To do:
Print the data that follows exactly as it stands, from its first line through the line containing "(intro sum_nonpos) force", and stop there.

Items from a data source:
lemma out_dist_open_simplex:
  assumes l: "closed_simplex m l" and rows: "\<forall>i\<in>{1..m}. open_simplex n (P i)"
  shows "open_simplex n (out_dist m P l)"
proof -
  have l0: "\<forall>i\<in>{1..m}. l i \<ge> 0" and l1: "(\<Sum>i=1..m. l i) = 1"
    using l unfolding closed_simplex_def by auto
  obtain i0 where i0: "i0 \<in> {1..m}" "l i0 > 0"
  proof (rule ccontr)
    assume "\<not> thesis"
    then have "(\<Sum>i=1..m. l i) \<le> 0" using that by (intro sum_nonpos) force
    then show False using l1 by simp
  qed
  have "out_dist m P l j > 0" if "j \<in> {1..n}" for j
    unfolding out_dist_def
  proof (rule sum_pos2[OF _ i0(1)])
    show "0 < l i0 * P i0 j" using rows that i0 by (simp add: open_simplex_def)
    show "0 \<le> l i * P i j" if "i \<in> {1..m}" for i
      using l0 rows that \<open>j \<in> {1..n}\<close> by (simp add: open_simplex_def less_imp_le)
  qed simp
  moreover have "(\<Sum>j=1..n. out_dist m P l j) = 1"
    using affine_comb_sum_eq_1[where A = "{1..m}" and R = "out_dist m P l"] rows l1
    by (auto simp: open_simplex_def affine_comb_def out_dist_def)
  ultimately show ?thesis by (simp add: open_simplex_def)
qed

lemma mutual_info_eq_KL_reference:
  assumes rows: "\<forall>i\<in>{1..m}. open_simplex n (P i)" and "open_simplex n Qs"
    and "open_simplex n (out_dist m P l)"
  shows "mutual_info m n P l = (\<Sum>i=1..m. l i * KL n (P i) Qs) - KL n (out_dist m P l) Qs"
proof -
  have "mutual_info m n P l = (\<Sum>i=1..m. l i * (KL n (P i) Qs - expected_llr n (P i) (out_dist m P l) Qs))"
    unfolding mutual_info_def
  proof (rule sum.cong[OF refl])
    fix i assume "i \<in> {1..m}"
    then have "open_simplex n (P i)" using rows by blast
    then show "(\<Sum>j=1..n. l i * P i j * ln (P i j / out_dist m P l j))
             = l i * (KL n (P i) Qs - expected_llr n (P i) (out_dist m P l) Qs)"
      using KL_change_reference[of n "P i" "out_dist m P l" Qs] assms(2,3)
      by (simp add: KL_def mult.assoc flip: sum_distrib_left)
  qed
  also have "\<dots> = (\<Sum>i=1..m. l i * KL n (P i) Qs) - expected_llr n (out_dist m P l) (out_dist m P l) Qs"
    using expected_llr_affine_comb[where R = "out_dist m P l" and A = "{1..m}" and l = l and P = P]
    by (simp add: right_diff_distrib sum_subtractf out_dist_def)
  finally show ?thesis by (simp add: KL_eq_expected_llr)
qed

lemma capacity_eq_max_KL:
  assumes rows: "\<forall>i\<in>{1..m}. open_simplex n (P i)" and Qs: "open_simplex n Qs"
    and ls: "closed_simplex m ls" and out: "\<forall>j\<in>{1..n}. out_dist m P ls j = Qs j"
    and le: "\<forall>i\<in>{1..m}. KL n (P i) Qs \<le> C"
    and support: "\<forall>i\<in>{1..m}. ls i \<noteq> 0 \<longrightarrow> KL n (P i) Qs = C"
  shows "mutual_info m n P ls = C" and "capacity m n P = C"
    and "\<And>l. closed_simplex m l \<Longrightarrow> mutual_info m n P l = C \<Longrightarrow>
           \<forall>j\<in>{1..n}. out_dist m P l j = Qs j"
proof -
  have bound: "mutual_info m n P l \<le> C - KL n (out_dist m P l) Qs" if l: "closed_simplex m l" for l
  proof -
    have "(\<Sum>i=1..m. l i * KL n (P i) Qs) \<le> (\<Sum>i=1..m. l i * C)"
      using l le by (intro sum_mono mult_left_mono) (auto simp: closed_simplex_def)
    also have "\<dots> = C" using l by (simp add: closed_simplex_def flip: sum_distrib_right)
    finally show ?thesis
      using mutual_info_eq_KL_reference[OF rows Qs out_dist_open_simplex[OF l rows]] by simp
  qed
  have "(\<Sum>i=1..m. ls i * KL n (P i) Qs) = (\<Sum>i=1..m. ls i * C)"
    using support by (intro sum.cong) auto
  also have "\<dots> = C" using ls by (simp add: closed_simplex_def flip: sum_distrib_right)
  finally have "(\<Sum>i=1..m. ls i * KL n (P i) Qs) = C" .
  moreover have "KL n (out_dist m P ls) Qs = 0"
    using out KL_self[of n Qs] by (simp add: KL_def)
  ultimately show max: "mutual_info m n P ls = C"
    using mutual_info_eq_KL_reference[OF rows Qs out_dist_open_simplex[OF ls rows]] by simp
  have le_C: "mutual_info m n P l \<le> C" if "closed_simplex m l" for l
    using bound[OF that] KL_nonneg[OF out_dist_open_simplex[OF that rows] Qs] by simp
  show cap: "capacity m n P = C"
    unfolding capacity_def using ls max le_C by (intro cSup_eq_maximum) auto
  fix l assume l: "closed_simplex m l" and "mutual_info m n P l = C"
  then have "KL n (out_dist m P l) Qs \<le> 0" using bound[OF l] by simp
  then show "\<forall>j\<in>{1..n}. out_dist m P l j = Qs j"
    using KL_le_0_imp_eq[OF out_dist_open_simplex[OF l rows] Qs] by simp
qed

lemma neg_weight_imp_ge:
  fixes w x :: "nat \<Rightarrow> real"
  assumes "(\<Sum>i=1..m. w i) = 1" "(\<Sum>i=1..m. w i * x i) \<le> s" "k < m"
    and "\<forall>i\<in>{1..k}. w i = 0" "w (k+1) < 0" "\<forall>i\<in>{k+2..m}. 0 \<le> w i \<and> s \<le> x i"
  shows "s \<le> x (k+1)"
proof -
  have "(\<Sum>i=1..m. w i * (x i - s)) \<le> 0"
    using assms(1,2) by (simp add: right_diff_distrib sum_subtractf flip: sum_distrib_right)
  moreover have "(\<Sum>i=1..m. w i * (x i - s))
      = w (k+1) * (x (k+1) - s) + (\<Sum>i\<in>{1..m} - {k+1}. w i * (x i - s))"
    using assms(3) by (intro sum.remove) auto
  moreover have "(\<Sum>i\<in>{1..m} - {k+1}. w i * (x i - s)) \<ge> 0"
  proof (rule sum_nonneg)
    fix i assume "i \<in> {1..m} - {k+1}"
    then consider "i \<in> {1..k}" | "i \<in> {k+2..m}" by fastforce
    then show "0 \<le> w i * (x i - s)" using assms(4,6) by cases auto
  qed
  ultimately have "w (k+1) * (x (k+1) - s) \<le> 0" by linarith
  then show ?thesis using assms(5) by (simp add: mult_le_0_iff)
qed

locale I_projection_chain =
  fixes m n :: nat and P Q :: "nat \<Rightarrow> nat \<Rightarrow> real"
  assumes m2: "m \<ge> 2"
    and rows: "\<forall>i\<in>{1..m}. open_simplex n (P i)"
    and Q0: "Q 0 \<in> affL n P {1..m}"
    and equi: "\<forall>i\<in>{1..m}. KL n (P i) (Q 0) = KL n (P 1) (Q 0)"
    and Qrec: "\<forall>k\<in>{1..m-2}. is_proj n (Q (k-1)) (affL n P {k+1..m}) (Q k)"
begin

lemma Q_mem_affL:
  assumes "k \<le> m - 2" shows "Q k \<in> affL n P {k+1..m}"
proof (cases k)
  case (Suc k')
  then have "k \<in> {1..m-2}" using assms by simp
  then show ?thesis using Qrec Suc by (auto simp: is_proj_def)
qed (use Q0 in simp)

lemma Q_open_simplex: "k \<le> m - 2 \<Longrightarrow> open_simplex n (Q k)"
  using Q_mem_affL by (simp add: affL_iff)

lemma expected_llr_Q_step:
  assumes "1 \<le> k" "k \<le> m - 2" "affine_comb n P {k+1..m} R"
  shows "expected_llr n R (Q k) (Q (k-1)) = KL n (Q k) (Q (k-1))"
proof (rule I_projection_expected_llr[OF _ _ _ assms(3)])
  show "open_simplex n (Q (k - 1))" using assms(2) by (intro Q_open_simplex) simp
  have "k \<in> {1..m-2}" using assms(1,2) by simp
  then show "is_proj n (Q (k - 1)) (affL n P {k + 1..m}) (Q k)" using Qrec by blast
  show "\<forall>i\<in>{k + 1..m}. (\<Sum>j=1..n. P i j) = 1" using rows by (auto simp: open_simplex_def)
qed

lemma KL_pythagoras:
  assumes "1 \<le> k" "k \<le> m - 2" "i \<in> {k+1..m}"
  shows "KL n (P i) (Q k) = KL n (P i) (Q (k-1)) - KL n (Q k) (Q (k-1))"
  using KL_change_reference[of n "P i" "Q k" "Q (k-1)"] assms rows
    expected_llr_Q_step[OF assms(1,2) affine_comb_vertex[OF assms(3)]]
  by (simp add: Q_open_simplex)

lemma KL_P_Q_equidistant:
  assumes "k \<le> m - 2" "i \<in> {k+1..m}"
  shows "KL n (P i) (Q k) = KL n (P m) (Q k)"
  using assms
proof (induction k arbitrary: i)
  case 0
  have "m \<in> {1..m}" "i \<in> {1..m}" using 0 m2 by auto
  then have "KL n (P i) (Q 0) = KL n (P 1) (Q 0)" "KL n (P m) (Q 0) = KL n (P 1) (Q 0)"
    using equi by blast+
  then show ?case by linarith
next
  case (Suc k)
  have "m \<in> {Suc k+1..m}" using Suc.prems m2 by auto
  with Suc.prems have "KL n (P j) (Q (Suc k)) = KL n (P j) (Q k) - KL n (Q (Suc k)) (Q k)"
    if "j \<in> {i, m}" for j
    using that by (intro KL_pythagoras[of "Suc k", simplified]) auto
  moreover have "KL n (P i) (Q k) = KL n (P m) (Q k)" using Suc.prems by (intro Suc.IH) auto
  ultimately show ?case by simp
qed
(* Let $0<p<1$, let $X_1,X_2,\ldots$ be i.i.d. with values in $\{0,1,a\}$, $P(X_1=a)=p$, $P(X_1=0)=P(X_1=1)=\frac{1-p}{2}$, and let $Y_1,Y_2,\ldots$ be i.i.d. Bernoulli$(1/2)$, independent of the $X_i$. Let $L_n$ be the length of a longest common subsequence of $X_1\ldots X_n$ and $Y_1\ldots Y_n$. Let $(Z^k)_{k}$ be generated by the bit-drop scheme described in the context, independently of $(Y_i)$, and let $N^a$ be a Binomial$(n,p)$ random variable independent of $(Z^k)_k$ and $(Y_i)$. For $0\le k\le n$ let $L_n^a(k)$ be the length of a longest common subsequence of $Z^k$ and $Y_1\ldots Y_n$. Then $L_n$ has the same distribution as $L^a_n(n-N^a)$.
   Context: Bit-drop scheme: let $V_1,V_2,\ldots$ be i.i.d. Bernoulli$(1/2)$ variables and let $T_3,T_4,\ldots$ be independent integer-valued random variables, independent of $(V_k)$, with $T_{k+1}$ uniformly distributed on $\{2,\ldots,k\}$. Set $Z^2:=V_1V_2$ and, given the binary word $Z^k=Z^k_1\ldots Z^k_k$, define $Z^{k+1}$ of length $k+1$ by $Z^{k+1}_j:=Z^k_j$ for $j<T_{k+1}$, $Z^{k+1}_{T_{k+1}}:=V_{k+1}$, and $Z^{k+1}_j:=Z^k_{j-1}$ for $T_{k+1}<j\le k+1$. (So $V_{k+1}$ is the bit added at step $k+1$ and $T_{k+1}$ its position.) Convention: $Z^0$ is the empty word and $Z^1:=V_1$. *)

theory Defs
  imports "HOL-Probability.Probability" "HOL-Library.Sublist"
begin

datatype sym = S0 | S1 | Sa

definition bit :: "bool \<Rightarrow> sym" where
  "bit b = (if b then S1 else S0)"

definition lcs :: "'a list \<Rightarrow> 'a list \<Rightarrow> nat" where
  "lcs xs ys = Max {length zs | zs. subseq zs xs \<and> subseq zs ys}"

text \<open>Insert bit v at (1-based) position t of the word z.\<close>
definition insert_at :: "nat \<Rightarrow> bool \<Rightarrow> bool list \<Rightarrow> bool list" where
  "insert_at t v z = take (t - 1) z @ [v] @ drop (t - 1) z"

text \<open>Law of the word Z^k of the bit-drop scheme: Z^0 empty, Z^1 = V_1,
  Z^2 = V_1 V_2, and for k \<ge> 2, Z^(k+1) is Z^k with a fresh independent
  Bernoulli(1/2) bit V_(k+1) inserted at an independent position
  T_(k+1) uniform on {2..k}.\<close>
fun bitdrop_pmf :: "nat \<Rightarrow> bool list pmf" where
  "bitdrop_pmf 0 = return_pmf []"
| "bitdrop_pmf (Suc 0) = map_pmf (\<lambda>v. [v]) (bernoulli_pmf (1/2))"
| "bitdrop_pmf (Suc (Suc 0)) =
     do { v1 \<leftarrow> bernoulli_pmf (1/2); v2 \<leftarrow> bernoulli_pmf (1/2); return_pmf [v1, v2] }"
| "bitdrop_pmf (Suc (Suc (Suc k))) =
     do { z \<leftarrow> bitdrop_pmf (Suc (Suc k));
          v \<leftarrow> bernoulli_pmf (1/2);
          t \<leftarrow> pmf_of_set {2..Suc (Suc k)};
          return_pmf (insert_at t v z) }"

end

theory Submission
  imports Defs
begin

text \<open>
  The word Y_1 ... Y_n contains no letter a, so deleting the a's from X_1 ... X_n does not change
  the LCS. Writing each X_i as "a with probability p, otherwise a fair bit", the deleted word is a
  sequence of n - N i.i.d. fair bits with N ~ Binomial(n, p) independent of them. Finally, the
  bit-drop scheme produces i.i.d. fair bits: inserting an independent fair bit at any fixed position
  of a word of i.i.d. fair bits yields again a word of i.i.d. fair bits, whatever the (independent)
  position.
\<close>

lemma replicate_pmf_insert:
  "do {xs \<leftarrow> replicate_pmf m B; x \<leftarrow> B; return_pmf (take j xs @ x # drop j xs)}
     = replicate_pmf (Suc m) B"
proof (induction m arbitrary: j)
  case 0
  then show ?case by (simp add: bind_return_pmf)
next
  case (Suc m)
  show ?case
  proof (cases j)
    case 0
    then show ?thesis
      by (simp add: bind_assoc_pmf bind_return_pmf bind_commute_pmf[of "replicate_pmf m B"])
        (rule bind_commute_pmf)
  next
    case (Suc i)
    then have "do {xs \<leftarrow> replicate_pmf (Suc m) B; x \<leftarrow> B; return_pmf (take j xs @ x # drop j xs)}
        = do {y \<leftarrow> B; ys \<leftarrow> do {xs \<leftarrow> replicate_pmf m B; x \<leftarrow> B; return_pmf (take i xs @ x # drop i xs)};
              return_pmf (y # ys)}"
      by (simp add: bind_assoc_pmf bind_return_pmf)
    then show ?thesis
      by (simp only: Suc.IH replicate_pmf.simps)
  qed
qed

lemma bitdrop_pmf_eq_replicate_pmf: "bitdrop_pmf k = replicate_pmf k (bernoulli_pmf (1/2))"
proof (induction k rule: bitdrop_pmf.induct)
  case (4 k)
  have "bitdrop_pmf (Suc (Suc (Suc k))) =
     do {t \<leftarrow> pmf_of_set {2..Suc (Suc k)};
         z \<leftarrow> replicate_pmf (Suc (Suc k)) (bernoulli_pmf (1/2));
         v \<leftarrow> bernoulli_pmf (1/2);
         return_pmf (take (t - 1) z @ v # drop (t - 1) z)}"
    using 4 by (simp add: insert_at_def bind_commute_pmf[of "pmf_of_set _"])
  then show ?case
    by (simp only: replicate_pmf_insert bind_pmf_const)
qed (simp_all add: map_pmf_def bind_return_pmf bind_assoc_pmf)

lemma replicate_pmf_map_pmf: "replicate_pmf n (map_pmf f p) = map_pmf (map f) (replicate_pmf n p)"
  by (induction n) (simp_all add: map_pmf_def bind_assoc_pmf bind_return_pmf)

lemma replicate_pmf_Cons_binomial_pmf:
  assumes p: "p \<in> {0..1}"
  shows "do {y \<leftarrow> Y; ys \<leftarrow> do {N \<leftarrow> binomial_pmf n p; replicate_pmf (n - N) Y}; return_pmf (y # ys)}
       = do {N \<leftarrow> binomial_pmf n p; replicate_pmf (Suc n - N) Y}"
proof -
  have "do {y \<leftarrow> Y; ys \<leftarrow> do {N \<leftarrow> binomial_pmf n p; replicate_pmf (n - N) Y}; return_pmf (y # ys)}
      = do {N \<leftarrow> binomial_pmf n p; replicate_pmf (Suc (n - N)) Y}"
    by (simp add: bind_assoc_pmf) (rule bind_commute_pmf)
  also have "\<dots> = do {N \<leftarrow> binomial_pmf n p; replicate_pmf (Suc n - N) Y}"
  proof (intro bind_pmf_cong refl)
    fix N assume "N \<in> set_pmf (binomial_pmf n p)"
    then have "N \<le> n" using p by (auto simp: set_pmf_binomial_eq split: if_splits)
    then show "replicate_pmf (Suc (n - N)) Y = replicate_pmf (Suc n - N) Y"
      by (simp add: Suc_diff_le)
  qed
  finally show ?thesis .
qed

lemma map_pmf_filter_replicate_pmf_mixture:
  assumes p: "p \<in> {0..1}" and a: "a \<notin> set_pmf Y"
  shows "map_pmf (filter (\<lambda>x. x \<noteq> a))
           (replicate_pmf n (do {b \<leftarrow> bernoulli_pmf p; if b then return_pmf a else Y}))
         = do {N \<leftarrow> binomial_pmf n p; replicate_pmf (n - N) Y}"
proof (induction n)
  case 0
  show ?case by (simp add: binomial_pmf_0[OF p] bind_return_pmf)
next
  case (Suc n)
  define X where "X = do {b \<leftarrow> bernoulli_pmf p; if b then return_pmf a else Y}"
  define F where "F = filter (\<lambda>x. x \<noteq> a)"
  define R where "R = (\<lambda>n. do {N \<leftarrow> binomial_pmf n p; replicate_pmf (n - N) Y})"
  have IH: "map_pmf F (replicate_pmf n X) = R n"
    using Suc.IH unfolding X_def F_def R_def .
  have "map_pmf F (replicate_pmf (Suc n) X) = do {x \<leftarrow> X; map_pmf (\<lambda>xs. F (x # xs)) (replicate_pmf n X)}"
    by (simp add: map_pmf_def bind_assoc_pmf bind_return_pmf)
  also have "\<dots> = do {b \<leftarrow> bernoulli_pmf p;
            if b then map_pmf F (replicate_pmf n X)
            else do {y \<leftarrow> Y; ys \<leftarrow> map_pmf F (replicate_pmf n X); return_pmf (y # ys)}}"
  proof -
    have X_bind: "bind_pmf X f = do {b \<leftarrow> bernoulli_pmf p; if b then f a else bind_pmf Y f}" for f
      by (auto simp: X_def bind_assoc_pmf bind_return_pmf intro!: bind_pmf_cong)
    have F_a: "F (a # xs) = F xs" for xs
      by (simp add: F_def)
    have F_Y: "map_pmf (\<lambda>xs. F (y # xs)) M = do {ys \<leftarrow> map_pmf F M; return_pmf (y # ys)}"
      if "y \<in> set_pmf Y" for y and M :: "'a list pmf"
    proof -
      from that a have "y \<noteq> a" by blast
      then show ?thesis by (simp add: F_def map_pmf_def bind_assoc_pmf bind_return_pmf)
    qed
    show ?thesis
      unfolding X_bind[of "\<lambda>x. map_pmf (\<lambda>xs. F (x # xs)) (replicate_pmf n X)"]
      by (auto simp: F_a F_Y intro!: bind_pmf_cong)
  qed
  also have "\<dots> = do {b \<leftarrow> bernoulli_pmf p;
                       if b then R n else do {N \<leftarrow> binomial_pmf n p; replicate_pmf (Suc n - N) Y}}"
    unfolding IH R_def replicate_pmf_Cons_binomial_pmf[OF p] ..
  also have "\<dots> = R (Suc n)"
    unfolding R_def
    by (auto simp: binomial_pmf_Suc[OF p] bind_assoc_pmf bind_return_pmf intro!: bind_pmf_cong)
  finally show ?case unfolding X_def F_def R_def .
qed

lemma lcs_filter_left:
  assumes "\<forall>y \<in> set ys. P y"
  shows "lcs (filter P xs) ys = lcs xs ys"
proof -
  have "subseq zs (filter P xs) \<and> subseq zs ys \<longleftrightarrow> subseq zs xs \<and> subseq zs ys" for zs
  proof
    assume zs: "subseq zs xs \<and> subseq zs ys"
    have "P z" if "z \<in> set zs" for z
      using list_emb_set[of "(=)" zs ys z] zs that assms by blast
    then have "filter P zs = zs"
      by simp
    with zs show "subseq zs (filter P xs) \<and> subseq zs ys"
      by (metis subseq_filter)
  next
    assume "subseq zs (filter P xs) \<and> subseq zs ys"
    then show "subseq zs xs \<and> subseq zs ys"
      using subseq_filter_left subseq_order.order_trans by blast
  qed
  then show ?thesis
    unfolding lcs_def by simp
qed

lemma sym_pmf_eq_mixture:
  assumes "p \<in> {0..1}"
    and "pmf X Sa = p" and "pmf X S0 = (1 - p) / 2" and "pmf X S1 = (1 - p) / 2"
  shows "X = do {b \<leftarrow> bernoulli_pmf p; if b then return_pmf Sa else map_pmf bit (bernoulli_pmf (1/2))}"
proof (rule pmf_eqI)
  fix s
  have "{b. b} = {True}" "{b. \<not> b} = {False}"
    by auto
  then show "pmf X s = pmf (do {b \<leftarrow> bernoulli_pmf p;
                                if b then return_pmf Sa else map_pmf bit (bernoulli_pmf (1/2))}) s"
    using assms by (cases s) (auto simp: pmf_bind pmf_map measure_pmf_single bit_def vimage_def)
qed

theorem lemma2:
  fixes p :: real and n :: nat and X :: "sym pmf"
  assumes "0 < p" and "p < 1"
    and "pmf X Sa = p" and "pmf X S0 = (1 - p) / 2" and "pmf X S1 = (1 - p) / 2"
  shows "map_pmf (\<lambda>(xs, ys). lcs xs (map bit ys))
           (pair_pmf (replicate_pmf n X) (replicate_pmf n (bernoulli_pmf (1/2))))
       = do { N \<leftarrow> binomial_pmf n p;
              z \<leftarrow> bitdrop_pmf (n - N);
              ys \<leftarrow> replicate_pmf n (bernoulli_pmf (1/2));
              return_pmf (lcs (map bit z) (map bit ys)) }"
proof -
  have p: "p \<in> {0..1}"
    using assms by simp
  have lcs_drop_a: "lcs (filter (\<lambda>s. s \<noteq> Sa) xs) (map bit ys) = lcs xs (map bit ys)" for xs ys
    by (rule lcs_filter_left) (auto simp: bit_def)
  have "Sa \<notin> set_pmf (map_pmf bit (bernoulli_pmf (1/2)))"
    by (auto simp: bit_def)
  from map_pmf_filter_replicate_pmf_mixture[OF p this]
  have letters: "map_pmf (filter (\<lambda>s. s \<noteq> Sa)) (replicate_pmf n X)
      = do {N \<leftarrow> binomial_pmf n p; map_pmf (map bit) (bitdrop_pmf (n - N))}"
    by (simp add: sym_pmf_eq_mixture[OF p assms(3-5)] replicate_pmf_map_pmf bitdrop_pmf_eq_replicate_pmf)
  have "map_pmf (\<lambda>(xs, ys). lcs xs (map bit ys))
           (pair_pmf (replicate_pmf n X) (replicate_pmf n (bernoulli_pmf (1/2))))
      = do {w \<leftarrow> map_pmf (filter (\<lambda>s. s \<noteq> Sa)) (replicate_pmf n X);
            ys \<leftarrow> replicate_pmf n (bernoulli_pmf (1/2));
            return_pmf (lcs w (map bit ys))}"
    by (simp add: pair_pmf_def map_pmf_def bind_assoc_pmf bind_return_pmf lcs_drop_a)
  also have "\<dots> = do { N \<leftarrow> binomial_pmf n p;
              z \<leftarrow> bitdrop_pmf (n - N);
              ys \<leftarrow> replicate_pmf n (bernoulli_pmf (1/2));
              return_pmf (lcs (map bit z) (map bit ys)) }"
    by (simp add: letters bind_assoc_pmf bind_map_pmf)
  finally show ?thesis .
qed

end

Solution to this problem:
lemma out_dist_open_simplex:
  assumes l: "closed_simplex m l" and rows: "\<forall>i\<in>{1..m}. open_simplex n (P i)"
  shows "open_simplex n (out_dist m P l)"
proof -
  have l0: "\<forall>i\<in>{1..m}. l i \<ge> 0" and l1: "(\<Sum>i=1..m. l i) = 1"
    using l unfolding closed_simplex_def by auto
  obtain i0 where i0: "i0 \<in> {1..m}" "l i0 > 0"
  proof (rule ccontr)
    assume "\<not> thesis"
    then have "(\<Sum>i=1..m. l i) \<le> 0" using that by (intro sum_nonpos) force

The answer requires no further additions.